I became interested in politics and IR from a theoretical, strategic, and ultimately, descriptive (as opposed to normative) perspective. I like studying, I like writing, and I like empiricism. M. says that for these reasons he thinks I am better off going into academia. But academia in the "softer" social sciences seems more political and more hierarchical than the harder sciences. And getting into an acceptable Ph.D. program would be so terribly, extremely difficult--much more difficult than the program that just rejected me.

Maybe I should look into developing new interests.

Or, if anyone reading this happens to be the editor of The Economist, I've read your Style Guide about a dozen times and I think I'd make a decent assistant copy editor.


At least I can't complain that it hasn't been a gorgeous winter.

Mar 15, 2007

Die, SUV Driver

While biking to work yesterday I was crowded off the road by a jagoff in a white Lexus SUV. Said jagoff was consulting a map or somesuch and couldn't be bothered to watch the road, and so I was given a second's choice between the SUV and the curbside. The curbside looked better (softer?), so I hit it, flipped over my bike, and landed on the ground. It wasn't so bad--I got away with a few scrapes on the hands, a few bruises on the legs, and a renewed hatred for these shitty suburban drivers who, I bet, have absolutely no need for an SUV, and no clue how to drive one. Biking in the city is like maneuvering through an obstacle course, but at least the drivers there have learned how to watch the road. I've had more close calls in the suburbs, by far.

Oh, and I saw the SUV slow down for a moment, as though the driver saw me eat it, but then it sped up through the intersection once he/she/it saw I wasn't dead. Thanks, dude!

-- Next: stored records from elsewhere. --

(* Let $p,q\in\mathbb{C}$ with $pq\neq 1$. The following two conditions are equivalent: (i) $\mathcal{S}_{p,q}$ maps every positive triangle triple to a positive triangle triple; (ii) either $p=q\neq \tfrac12$, or $p\neq q$ and $\frac{(p-1)(2q-1)}{p-q}\in\mathbb{R}\cup\mathcal{H}^+$, where $\mathcal{H}^+=\{z\in\mathbb{C}:\operatorname{Im}z>0\}$.
   Context: A triangle triple is an ordered triple $(a,b,c)\in\mathbb{C}^3$ with pairwise distinct entries; it is degenerate if $a,b,c$ are collinear, and positive if it is non-degenerate and $\operatorname{Im}\frac{a-b}{c-b}>0$. For $p,q\in\mathbb{C}$ with $pq\neq1$ put $\alpha_{p,q}=\frac{p(1-q)}{1-pq}$, $\beta_{p,q}=\frac{q(1-p)}{1-pq}$, $\gamma_{p,q}=\frac{(1-p)(1-q)}{1-pq}$, and define the linear map $\mathcal{S}_{p,q}:\mathbb{C}^3\to\mathbb{C}^3$ by $\mathcal{S}_{p,q}(a,b,c)=(\alpha_{p,q}a+\beta_{p,q}b+\gamma_{p,q}c,\ \alpha_{p,q}b+\beta_{p,q}c+\gamma_{p,q}a,\ \alpha_{p,q}c+\beta_{p,q}a+\gamma_{p,q}b)$. *)

theory Defs
  imports "HOL-Analysis.Analysis"
begin

definition triangle_triple :: "complex \<times> complex \<times> complex \<Rightarrow> bool" where
  "triangle_triple t = (case t of (a, b, c) \<Rightarrow> a \<noteq> b \<and> b \<noteq> c \<and> a \<noteq> c)"

definition degenerate :: "complex \<times> complex \<times> complex \<Rightarrow> bool" where
  "degenerate t = (case t of (a, b, c) \<Rightarrow> collinear {a, b, c})"

definition positive_triple :: "complex \<times> complex \<times> complex \<Rightarrow> bool" where
  "positive_triple t = (triangle_triple t \<and> \<not> degenerate t \<and>
     (case t of (a, b, c) \<Rightarrow> Im ((a - b) / (c - b)) > 0))"

definition alpha :: "complex \<Rightarrow> complex \<Rightarrow> complex" where
  "alpha p q = p * (1 - q) / (1 - p * q)"
definition beta :: "complex \<Rightarrow> complex \<Rightarrow> complex" where
  "beta p q = q * (1 - p) / (1 - p * q)"
definition gamma :: "complex \<Rightarrow> complex \<Rightarrow> complex" where
  "gamma p q = (1 - p) * (1 - q) / (1 - p * q)"

definition S_map :: "complex \<Rightarrow> complex \<Rightarrow> complex \<times> complex \<times> complex \<Rightarrow> complex \<times> complex \<times> complex" where
  "S_map p q t = (case t of (a, b, c) \<Rightarrow>
     (alpha p q * a + beta p q * b + gamma p q * c,
      alpha p q * b + beta p q * c + gamma p q * a,
      alpha p q * c + beta p q * a + gamma p q * b))"

definition upper_half_plane :: "complex set" where
  "upper_half_plane = {z. Im z > 0}"

end

theory Submission
  imports Defs
begin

On a completely different note, my cat looks somewhat like Falcore from The Neverending Story.

Mar 9, 2007


"Let's Party" brand prepared crab snacks: yum!

In other news--

(1) I just spent an hour and a half organizing pictures on flickr
(2) My flatmate is an alcoholic
(3) A hoodlum in a low rider and a tophat rolled down his window while I was biking up a steep hill to ask if I had any Grey Poupon
(4) M. and I will spend most of this weekend entertaining his mother and her boyfriend


(5) Within the next few weeks I will probably learn what I'm going to do with the next two years of my life.

Mar 1, 2007


I wanted so badly to watch Apocalypse Now and go to bed early last Friday, but instead we danced all night and stayed up to watch the sunrise, pictured here doing its best imitation of a nuclear explosion.

At first staying up until daybreak sounded like a bad idea. Then, when I was up on the roof looking east, it looked like a good idea; but on Saturday, when I woke up at 6:12pm and the sun was setting and my head was still pounding, it felt like a very, very bad idea all over again.

Best photo of my flatmate ever taken, best Leffe ad ever made, both, or neither?

I don't understand how M. was comfortable with a(nother) weekend of hard partying right before his Ph.D. interviews. Methinks he's made of much sturdier stuff than I.